There will be failures and bankruptcies, but that is fine, for markets to work risk must exist and consequence be real. In addition it will narrow the scope of what is offered for PPPs disincentivising governments from trying to privatize critical public goods like health, education or the provision of water by using the excuse of “efficiency”. Finally this model is simpler, more transparent and critically does not leave the public holding the bag if it fails.

2.     Redefining partnership for growth

Partnership between the public and private sectors is not just about projects. One of the most important and oft missed aspects of the rise of Asian tigers in the latter half of the 20th century is how closely governments worked with the private sector in a number of areas including:

  • The development of industrial, financial and business sector policies. This a fostered the development of mutual goals and understanding between the public and private sectors. Creating a stable predictable environment that fostered investment and growth. In short, the private sector understood what the government wanted to achieve and the public sector understood what the private sector needed to get there.
  • Education, the public and private sectors worked together to ensure that the education system produced graduates with the skill sets and knowledge needed. Ensuring that graduates could find jobs and that they kept creating jobs relevant to driving their growth.
  • Trade, governments worked hand in hand with the private identify key markets in which to sell products, and materials which needed to be sourced from oversees and worked to gain access to those markets and drive workable trade negotiations and agreements.

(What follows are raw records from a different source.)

lemma integral_small_near:
  fixes G :: "real \<Rightarrow> real"
  assumes "\<And>a b. G integrable_on {a..b}" "0 < e"
  obtains h where "0 < h" "integral {t - h..t + h} G < e"
proof -
  define F where "F y = integral {t - 1..y} G" for y
  have "continuous_on {t - 1..t + 1} F"
    unfolding F_def by (rule indefinite_integral_continuous_1[OF assms(1)])
  then have "isCont F t"
    by (rule continuous_on_interior) auto
  then obtain d where d: "0 < d" "\<And>y. dist y t < d \<Longrightarrow> dist (F y) (F t) < e / 2"
    using \<open>0 < e\<close> unfolding continuous_at_eps_delta by (meson half_gt_zero)
  define h where "h = min (d / 2) (1 / 2)"
  have h: "0 < h" "h < d" "h \<le> 1 / 2"
    unfolding h_def using d by auto
  have "F (t - h) + integral {t - h..t + h} G = F (t + h)"
    unfolding F_def by (rule Henstock_Kurzweil_Integration.integral_combine) (use h assms in auto)
  moreover have "dist (F (t + h)) (F t) < e / 2" "dist (F (t - h)) (F t) < e / 2"
    using d(2)[of "t + h"] d(2)[of "t - h"] h by (auto simp: dist_real_def)
  ultimately have "integral {t - h..t + h} G < e"
    unfolding dist_real_def by linarith
  with h show thesis
    using that by blast
qed

lemma const_plus_twice_sq_integrable_on:
  fixes Q :: "real \<Rightarrow> real"
  assumes "\<And>a b. (\<lambda>x. (Q x)\<^sup>2) integrable_on {a..b}"
  shows "(\<lambda>x. c + 2 * (Q x)\<^sup>2) integrable_on {a..b}"
  using integrable_on_cmult_left[OF assms, where c=2]
  by (intro integrable_add integrable_const_ivl) simp

lemma quasi_system_increment_bound:
  assumes sol: "quasi_system Q z U U1" and Q_int: "\<And>a b. (\<lambda>x. (Q x)\<^sup>2) integrable_on {a..b}"
    and "lo \<le> hi" and bound: "\<And>y. y \<in> {lo..hi} \<Longrightarrow> cmod (U y) \<le> M \<and> cmod (U1 y) \<le> M"
  shows "cmod (U hi - U lo) \<le> integral {lo..hi} (\<lambda>x. ((2 + cmod z) + 2 * (Q x)\<^sup>2) * M)"
    and "cmod (U1 hi - U1 lo) \<le> integral {lo..hi} (\<lambda>x. ((2 + cmod z) + 2 * (Q x)\<^sup>2) * M)"
proof -
  from integrable_on_cmult_right[OF const_plus_twice_sq_integrable_on[OF Q_int, where c="2 + cmod z"], of M]
  have G_int: "(\<lambda>x. ((2 + cmod z) + 2 * (Q x)\<^sup>2) * M) integrable_on {lo..hi}"
    by simp
  from sol \<open>lo \<le> hi\<close> have U: "((\<lambda>x. U1 x + of_real (Q x) * U x) has_integral (U hi - U lo)) {lo..hi}"
    and U1: "((\<lambda>x. - (of_real (Q x) * U1 x) - (of_real ((Q x)\<^sup>2) + z) * U x)
        has_integral (U1 hi - U1 lo)) {lo..hi}"
    unfolding quasi_system_def by blast+
  show "cmod (U hi - U lo) \<le> integral {lo..hi} (\<lambda>x. ((2 + cmod z) + 2 * (Q x)\<^sup>2) * M)"
    unfolding integral_unique[OF U, symmetric] using bound quasi_system_rhs_bound(1)
    by (intro integral_norm_bound_integral has_integral_integrable[OF U] G_int) auto
  show "cmod (U1 hi - U1 lo) \<le> integral {lo..hi} (\<lambda>x. ((2 + cmod z) + 2 * (Q x)\<^sup>2) * M)"
    unfolding integral_unique[OF U1, symmetric] using bound quasi_system_rhs_bound(2)
    by (intro integral_norm_bound_integral has_integral_integrable[OF U1] G_int) auto
qed

lemma quasi_system_zero_near:
  assumes sol: "quasi_system Q z U U1" and Q_int: "\<And>a b. (\<lambda>x. (Q x)\<^sup>2) integrable_on {a..b}"
    and zero: "U t = 0" "U1 t = 0"
  obtains h where "0 < h" "\<And>y. y \<in> {t - h..t + h} \<Longrightarrow> U y = 0 \<and> U1 y = 0"
proof -
  define G where "G x = (2 + cmod z) + 2 * (Q x)\<^sup>2" for x
  have G_int: "G integrable_on {a..b}" for a b
    unfolding G_def by (rule const_plus_twice_sq_integrable_on[OF Q_int])
  obtain h where h: "0 < h" "integral {t - h..t + h} G < 1 / 2"
    using integral_small_near[OF G_int] by (metis half_gt_zero zero_less_one)
  define K where "K = {t - h..t + h}"
  have cont: "continuous_on UNIV U" "continuous_on UNIV U1"
    using sol unfolding quasi_system_def by auto
  define m where "m y = max (cmod (U y)) (cmod (U1 y))" for y
  have "continuous_on K m"
    unfolding m_def by (intro continuous_intros continuous_on_subset[OF cont(1)] continuous_on_subset[OF cont(2)]) auto
  then obtain x0 where x0: "x0 \<in> K" "\<And>y. y \<in> K \<Longrightarrow> m y \<le> m x0"
    using continuous_attains_sup[of K m] h(1) unfolding K_def by fastforce
  define M where "M = m x0"
  have bound: "cmod (U y) \<le> M \<and> cmod (U1 y) \<le> M" if "y \<in> K" for y
    using x0(2)[OF that] unfolding M_def m_def by auto
  have M: "0 \<le> M"
    using bound[OF x0(1)] norm_ge_zero order_trans by blast
  \<comment> \<open>On the short interval \<open>K\<close> the integrated system halves the maximum \<open>M\<close>, forcing \<open>M = 0\<close>.\<close>
  have increment: "cmod (U hi - U lo) \<le> M / 2 \<and> cmod (U1 hi - U1 lo) \<le> M / 2"
    if "lo \<in> K" "hi \<in> K" "lo \<le> hi" for lo hi
  proof -
    have "{lo..hi} \<subseteq> K"
      using that unfolding K_def by auto
    then have "integral {lo..hi} (\<lambda>x. G x * M) \<le> integral K (\<lambda>x. G x * M)"
      using M G_int integrable_on_cmult_right[OF G_int]
      unfolding K_def by (intro integral_subset_le) (auto simp: G_def)
    also have "\<dots> \<le> M / 2"
      using mult_right_mono[OF less_imp_le[OF h(2)] M] unfolding K_def by simp
    finally show ?thesis
      using quasi_system_increment_bound[OF sol Q_int \<open>lo \<le> hi\<close>, of M] bound \<open>{lo..hi} \<subseteq> K\<close>
      unfolding G_def by (meson order_trans subsetD)
  qed
  have "t \<in> K"
    unfolding K_def using h(1) by auto
  have "cmod (U y) \<le> M / 2 \<and> cmod (U1 y) \<le> M / 2" if "y \<in> K" for y
    using increment[OF that \<open>t \<in> K\<close>] increment[OF \<open>t \<in> K\<close> that] zero
    by (cases "y \<le> t") (auto simp: norm_minus_commute)
  from this[OF x0(1)] have "M = 0"
    using M unfolding M_def m_def by (simp add: max_def split: if_splits)
  with bound have "U y = 0 \<and> U1 y = 0" if "y \<in> K" for y
    using that by force
  with h(1) show thesis
    using that unfolding K_def by blast
qed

As I have written about previously, the continent desperately needs private-sector growth. To create the jobs, growth and investment that Africa needs. After half a century of trying its clear that Foreign Investment and development aid will never meet our needs. It must come from within, and for that the private sector needs to grow. Fostering that growth requires the public and private sectors to work together, to partner with each other. Thus the focus of private public partnerships should not be on projects or filling the infrastructure gap, but rather on filling the growth gap.

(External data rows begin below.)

(* Let $N\geq 1$ be an integer. Then for all $0<x<\pi/2$, \[ 3+\sum_{j=2}^{N}\frac{(2^{2j}-4)|B_{2j}|}{(2j)!}x^{2j}+\rho_N x^{2N+1}\tan x<2\left(\frac{x}{\sin x}\right)+\frac{x}{\tan x}<3+\sum_{j=2}^{N}\frac{(2^{2j}-4)|B_{2j}|}{(2j)!}x^{2j}+\varrho_N x^{2N+1}\tan x, \] with the best possible constants $\rho_N=0$ and $\varrho_N=\dfrac{4(2^{2N}-1)|B_{2N+2}|}{(2N+2)!}$.
   Context: The Bernoulli numbers $B_n$ are defined by $\frac{t}{e^t-1}=\sum_{n=0}^\infty B_n\frac{t^n}{n!}$ for $|t|<2\pi$. An empty sum is understood to be zero. *)

theory Defs
  imports Complex_Main
begin

text \<open>Bernoulli numbers, defined by the exponential generating function
  t/(e^t - 1) = sum_n B_n t^n / n!  for 0 < |t| < 2 pi (the point t = 0 is
  excluded only because t/(e^t-1) is there defined by continuity).\<close>
definition bernoulli :: "nat \<Rightarrow> real" where
  "bernoulli = (THE B. \<forall>t::real. t \<noteq> 0 \<and> \<bar>t\<bar> < 2 * pi \<longrightarrow>
      (\<lambda>n. B n * t ^ n / fact n) sums (t / (exp t - 1)))"

definition poly_part :: "nat \<Rightarrow> real \<Rightarrow> real" where
  "poly_part N x = 3 + (\<Sum>j=2..N. (2^(2*j) - 4) * \<bar>bernoulli (2*j)\<bar> / fact (2*j) * x ^ (2*j))"

definition mid_expr :: "real \<Rightarrow> real" where
  "mid_expr x = 2 * (x / sin x) + x / tan x"

end

theory Submission
  imports Defs "HOL-Analysis.Analysis"
begin

(*
  With s_k = (x / (k pi))^2 for k >= 1, Euler's partial fractions x cot x = 1 - sum_k 2 s_k / (1 - s_k),
  applied at x and at x/2, turn the identity 2 x / sin x + x / tan x = 4 (x/2) cot (x/2) - x cot x into
    mid_expr x - 3 = sum_k Phi s_k,   Phi s = 2 s / (1 - s) - 2 s / (1 - s/4) = sum_j (2 - 8 / 4^j) s^j.
  As sum_k s_k^j = zeta (2j) (x / pi)^(2j), Euler's formula for B_2j matches the s^j-part of this
  double series with the j-th term of poly_part, so mid_expr x - poly_part N x = sum_k T_N s_k, where
  T_N is the tail of Phi after degree N. For 0 < s < 1/4 the tail T_N s is positive and lies between
  its leading term c s^(N+1) and c s^(N+1) (1 + pi^2 s / 3); since pi^2 s_k <= x^2 and
  tan x >= x + x^3/3, this gives the upper bound. Both constants are optimal: the upper one is forced
  as x -> 0, where tan x / x -> 1, and 0 as x -> pi/2, where tan x blows up while mid_expr stays
  bounded.
  Euler's formula itself comes from the same partial fractions at the imaginary point i t / 2: they
  express t / (e^t - 1) as a sum over k of 2 u_k / (1 + u_k), and expanding these geometrically and
  swapping the two sums yields the power series of t / (e^t - 1).
*)

lemma has_sum_suminf_abs:
  fixes f :: "nat \<Rightarrow> real"
  assumes "summable (\<lambda>n. \<bar>f n\<bar>)"
  shows "(f has_sum (\<Sum>n. f n)) UNIV"
proof -
  have "summable (\<lambda>n. norm (f n))"
    using assms by simp
  then show ?thesis
    using norm_summable_imp_has_sum summable_norm_cancel summable_sums by blast
qed

lemma sums_swap_abs:
  fixes f :: "nat \<Rightarrow> nat \<Rightarrow> real"
  assumes abs_rows: "\<And>k. summable (\<lambda>m. \<bar>f k m\<bar>)"
    and abs_total: "summable (\<lambda>k. \<Sum>m. \<bar>f k m\<bar>)"
  shows "(\<lambda>m. \<Sum>k. f k m) sums (\<Sum>k. \<Sum>m. f k m)"
proof -
  have "((\<lambda>m. \<bar>f k m\<bar>) has_sum (\<Sum>m. \<bar>f k m\<bar>)) UNIV" for k
    by (rule sums_nonneg_imp_has_sum[OF summable_sums[OF abs_rows]]) simp
  moreover have "(\<lambda>k. \<Sum>m. \<bar>f k m\<bar>) summable_on UNIV"
    using abs_total by (rule summable_nonneg_imp_summable_on) (simp add: suminf_nonneg abs_rows)
  ultimately have "(\<lambda>(k, m). \<bar>f k m\<bar>) summable_on UNIV \<times> UNIV"
    by (intro summable_on_SigmaI[where g = "\<lambda>k. \<Sum>m. \<bar>f k m\<bar>"]) simp_all
  then have "(\<lambda>(k, m). f k m) summable_on UNIV \<times> UNIV"
    using abs_summable_summable[of "\<lambda>(k, m). f k m" "UNIV \<times> UNIV"] by (simp add: case_prod_unfold)
  then obtain S where S: "((\<lambda>(k, m). f k m) has_sum S) (UNIV \<times> UNIV)"
    by (auto simp: summable_on_def)
  have col_abs: "summable (\<lambda>k. \<bar>f k m\<bar>)" for m
  proof (rule summable_comparison_test'[OF abs_total])
    fix k
    show "norm \<bar>f k m\<bar> \<le> (\<Sum>m. \<bar>f k m\<bar>)"
      using sum_le_suminf[OF abs_rows[of k], of "{m}"] by simp
  qed
  have "((\<lambda>k. \<Sum>m. f k m) has_sum S) UNIV"
    using S by (rule has_sum_Sigma') (simp add: has_sum_suminf_abs abs_rows)
  then have S_eq: "(\<Sum>k. \<Sum>m. f k m) = S"
    by (metis has_sum_imp_sums sums_unique)
  have "((\<lambda>(m, k). f k m) has_sum S) (UNIV \<times> UNIV)"
    using S has_sum_swap[of "\<lambda>(k, m). f k m" UNIV UNIV S] by simp
  then have "((\<lambda>m. \<Sum>k. f k m) has_sum S) UNIV"
    by (rule has_sum_Sigma') (simp add: has_sum_suminf_abs col_abs)
  then show ?thesis
    unfolding S_eq by (rule has_sum_imp_sums)
qed

lemma sums_less:
  fixes f g :: "nat \<Rightarrow> real"
  assumes "\<And>n. f n < g n" "f sums a" "g sums b"
  shows "a < b"
proof -
  have "(\<lambda>n. g n - f n) sums (b - a)"
    using assms(2,3) by (rule sums_diff[rotated])
  then have "0 < b - a"
    using assms(1) suminf_pos[of "\<lambda>n. g n - f n"] by (simp add: sums_iff)
  then show ?thesis
    by simp
qed

lemma sums_even_odd:
  fixes a :: "nat \<Rightarrow> real"
  assumes "(\<lambda>m. a (2*m)) sums x" "(\<lambda>m. a (2*m+1)) sums y"
  shows "a sums (x + y)"
proof -
  have "(\<lambda>n. if even n then a (2*(n div 2)) else a (2*((n-1) div 2)+1)) sums (y + x)"
    by (rule sums_if[OF assms(2,1)])
  moreover have "(if even n then a (2*(n div 2)) else a (2*((n-1) div 2)+1)) = a n" for n
    by (cases "even n") (simp_all add: odd_two_times_div_two_succ)
  ultimately show ?thesis
    by (simp add: add.commute)
qed

lemma sums_geometric_swap:
  fixes u :: "nat \<Rightarrow> real"
  assumes nonneg: "\<And>k. 0 \<le> u k" and le: "\<And>k. u k \<le> r" and "r < 1" and "summable u"
  shows "(\<lambda>m. \<Sum>k. (-1)^m * u k^(m+1)) sums (\<Sum>k. u k / (1 + u k))"
proof -
  define f where "f k m = (-1)^m * u k^(m+1)" for k m
  have lt1: "u k < 1" for k
    using le[of k] \<open>r < 1\<close> by linarith
  have row: "(\<lambda>m. f k m) sums (u k / (1 + u k))" for k
  proof -
    have "(\<lambda>m. u k * (- u k)^m) sums (u k * (1 / (1 - - u k)))"
      using nonneg[of k] lt1[of k] by (intro sums_mult geometric_sums) simp
    moreover have "u k * (- u k)^m = f k m" for m
      by (simp add: f_def power_minus[of "u k"] algebra_simps)
    ultimately show ?thesis
      by simp
  qed
  have abs_row: "(\<lambda>m. \<bar>f k m\<bar>) sums (u k / (1 - u k))" for k
  proof -
    have "(\<lambda>m. u k * u k^m) sums (u k * (1 / (1 - u k)))"
      using nonneg[of k] lt1[of k] by (intro sums_mult geometric_sums) simp
    moreover have "u k * u k^m = \<bar>f k m\<bar>" for m
      using nonneg[of k] by (simp add: f_def abs_mult power_abs algebra_simps)
    ultimately show ?thesis
      by simp
  qed
  have "summable (\<lambda>k. u k / (1 - u k))"
  proof (rule summable_comparison_test')
    show "summable (\<lambda>k. 1 / (1 - r) * u k)"
      using \<open>summable u\<close> by (rule summable_mult)
    show "norm (u k / (1 - u k)) \<le> 1 / (1 - r) * u k" for k
      using nonneg[of k] lt1[of k] le[of k] \<open>r < 1\<close> by (simp add: field_simps mult_right_mono)
  qed
  then have "(\<lambda>m. \<Sum>k. f k m) sums (\<Sum>k. \<Sum>m. f k m)"
    using abs_row by (intro sums_swap_abs) (simp_all add: sums_iff)
  moreover have "(\<Sum>k. \<Sum>m. f k m) = (\<Sum>k. u k / (1 + u k))"
    using row by (simp add: sums_iff)
  ultimately show ?thesis
    by (simp add: f_def)
qed

lemma powser_sums_zero_imp_coeff_zero:
  fixes c :: "nat \<Rightarrow> 'a::{real_normed_field,banach}"
  assumes "r > 0"
    and zero: "\<And>t. t \<noteq> 0 \<Longrightarrow> norm t < r \<Longrightarrow> (\<lambda>n. c n * t^n) sums 0"
  shows "c m = 0"
proof (induction m rule: less_induct)
  case (less m)
  have "(\<lambda>n. c (n + m) * t^n) sums 0" if t: "t \<noteq> 0" "norm t < r" for t
  proof -
    have "(\<lambda>n. c (n + m) * t^(n + m)) sums 0"
      using zero[OF t] less by (subst sums_zero_iff_shift) simp_all
    then have "(\<lambda>n. c (n + m) * t^(n + m) / t^m) sums (0 / t^m)"
      by (rule sums_divide)
    then show ?thesis
      using t by (simp add: power_add)
  qed
  then have "((\<lambda>_. 0) \<longlongrightarrow> c (0 + m)) (at (0::'a))"
    by (intro powser_limit_0_strong[OF \<open>r > 0\<close>])
  then show ?case
    using tendsto_unique[OF at_neq_bot _ tendsto_const] by fastforce
qed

Public Private Partnership for Africa

Africa needs PPPs. The continent needs to get more private (hopefully indigenous) capital to invest in key projects that will connect and power the continents development. Just as importantly if not more so, Africa needs the public and private sectors to work together to co-create the policies, laws and conditions needed to drive investment, growth and creation of jobs on the continent.

The way we currently do PPPs is wrong. It’s why they are so hard to do, are so controversial, and are so expensive. If we do not rework our model of how to originate and fund PPP projects this will remain the case. And if we do not redefine and revitalise how the public private sectors partner together on an agenda for growth Africa will never achieve the game changing growth it needs and wants.